TH asked me to add some kolhapuri recipes in my blog, as I didn't have one and he suggested to try this one from sanjeev kapoor's site. As per his advice, I tried this recipe for our lunch on last sunday. I halved the recipe and served it with hot pulao.
Preparation Time: 10 minutes
Cooking Time: 15 minutes
Eggs - 2 nos, hard boiled and peeled
Oil - 2 tablespoons
Cloves - 4-5 nos
Black Peppercorns - 6 nos
Onion - 1 no, cubed
Ginger - 1 inch length piece, finely chopped
Garlic - 3 cloves, finely chopped
Dry Red chillies - 3 nos
Turmeric powder - 1/4 teaspoon
Poppy seeds / khuskhus - 1 teaspoon
Coconut - 2 tablespoons, grated
Tomato - 2 no, small size, cubed
Salt - to taste
Water - 1 cup
1) Hard boil eggs.

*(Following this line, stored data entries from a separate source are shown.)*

lemma cayley_inj:
  assumes "z \<noteq> 1" "w \<noteq> 1" "cayley z = cayley w"
  shows "z = w"
proof -
  have "(1 + z) * (1 - w) = (1 + w) * (1 - z)"
    using assms by (simp add: cayley_def frac_eq_eq)
  then have "2 * z = 2 * w" by algebra
  then show ?thesis by simp
qed

lemma circle_dilation_denominator_nonzero:
  assumes "k > 0" "z \<in> circle"
  shows "of_real (k - 1) * z + of_real (k + 1) \<noteq> 0"
proof
  assume "of_real (k - 1) * z + of_real (k + 1) = 0"
  then have "cmod (of_real (k - 1) * z) = cmod (of_real (k + 1) :: complex)"
    by (metis add_eq_0_iff norm_minus_cancel)
  then have "\<bar>k - 1\<bar> = \<bar>k + 1\<bar>"
    using assms(2) by (simp only: norm_mult norm_of_real) (simp add: circle_def)
  then show False using assms(1) by (simp add: abs_if split: if_splits)
qed

lemma cayley_circle_dilation:
  assumes "k > 0" "z \<in> circle" "z \<noteq> 1"
  shows "circle_dilation k z \<noteq> 1" "cayley (circle_dilation k z) = of_real k * cayley z"
proof -
  define n where "n = of_real (k + 1) * z + of_real (k - 1)"
  define d where "d = of_real (k - 1) * z + of_real (k + 1)"
  have d: "d \<noteq> 0"
    unfolding d_def by (rule circle_dilation_denominator_nonzero[OF assms(1,2)])
  have diff: "d - n = 2 * (1 - z)" and sum: "d + n = 2 * (of_real k * (1 + z))"
    by (simp_all add: d_def n_def algebra_simps)
  have dn: "d - n \<noteq> 0"
    using assms(3) by (simp add: diff)
  have "(d + n) / (d - n) = (2 * (of_real k * (1 + z))) / (2 * (1 - z))"
    by (simp only: diff sum)
  also have "\<dots> = of_real k * cayley z"
    by (simp only: mult_divide_mult_cancel_left_if) (simp add: cayley_def)
  finally have quotient: "(d + n) / (d - n) = of_real k * cayley z" .
  have D: "circle_dilation k z = n / d"
    by (simp add: circle_dilation_def n_def d_def)
  show "circle_dilation k z \<noteq> 1"
    using d dn by (simp add: D)
  have "1 + n / d = (d + n) / d" "1 - n / d = (d - n) / d"
    using d by (simp_all add: field_simps)
  then have "cayley (n / d) = (d + n) / (d - n)"
    using d by (simp add: cayley_def)
  then show "cayley (circle_dilation k z) = of_real k * cayley z"
    using quotient by (simp add: D)
qed

lemma circle_dilation_circle:
  assumes "k > 0" "z \<in> circle" "z \<noteq> 1"
  shows "circle_dilation k z \<in> circle" "0 < \<sigma> * Im (circle_dilation k z) \<longleftrightarrow> 0 < \<sigma> * Im z"
proof -
  note w = cayley_circle_dilation[OF assms]
  have "Re (cayley (circle_dilation k z)) = k * Re (cayley z)"
    "Im (cayley (circle_dilation k z)) = k * Im (cayley z)"
    by (simp_all add: w(2))
  then show "circle_dilation k z \<in> circle" "0 < \<sigma> * Im (circle_dilation k z) \<longleftrightarrow> 0 < \<sigma> * Im z"
    using assms cayley_circle_iff[of z] cayley_circle_iff[OF w(1)]
      cayley_sign_Im[of z \<sigma>] cayley_sign_Im[OF w(1), of \<sigma>]
    by (simp_all add: zero_less_mult_iff mult.left_commute[of \<sigma> k])
qed

lemma half_circle_not_one: "z \<in> half_circle \<sigma> \<Longrightarrow> z \<noteq> 1"
  by (auto simp: half_circle_def)

lemma circle_dilation_one: "k > 0 \<Longrightarrow> circle_dilation k 1 = 1"
  by (simp add: circle_dilation_def add.commute)

lemma circle_dilation_inverse:
  assumes "k > 0" "z \<in> circle" "z \<noteq> 1"
  shows "circle_dilation k (circle_dilation (1 / k) z) = z"
proof -
  have k': "1 / k > 0" using assms(1) by simp
  note w = circle_dilation_circle(1)[OF k' assms(2,3)] cayley_circle_dilation[OF k' assms(2,3)]
  have "cayley (circle_dilation k (circle_dilation (1 / k) z)) = cayley z"
    using cayley_circle_dilation(2)[OF assms(1) w(1,2)] w(3) assms(1) by simp
  then show ?thesis
    using cayley_inj cayley_circle_dilation(1)[OF assms(1) w(1,2)] assms(3) by blast
qed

Meanwhile, chop onion, ginger, garlic and tomato.
2) Heat 2 teaspoons of oil in a pan / kadai. When it is hot, add crushed cloves and peppercorn.
3) Add onion and saute till it becomes soft.
5) Add dry red chillies, turmeric powder, poppy seeds and coconut. Saute for 2 minutes.
7) Allow this mixture to cool and grind to a smooth paste. If required add a very little water.
9) Heat the pan and add remaining oil. If required, saute the eggs and once done, transfer to a plate. I didn't do this step.
10) Add the ground masala paste to the pan carefully. Add a cup of water. Mix well and let it boil once.
12) Cover the pan and simmer it in low flame for few minutes. You can also cook till the consistency you required.
13) Serve hot. Enjoy it with pulao or roti.
1) Crush or break the head part of the cloves before adding it to the oil. Otherwise, it tend to splutter and harsh your hands.
2) Adjust the water quantity as per the consistency you required.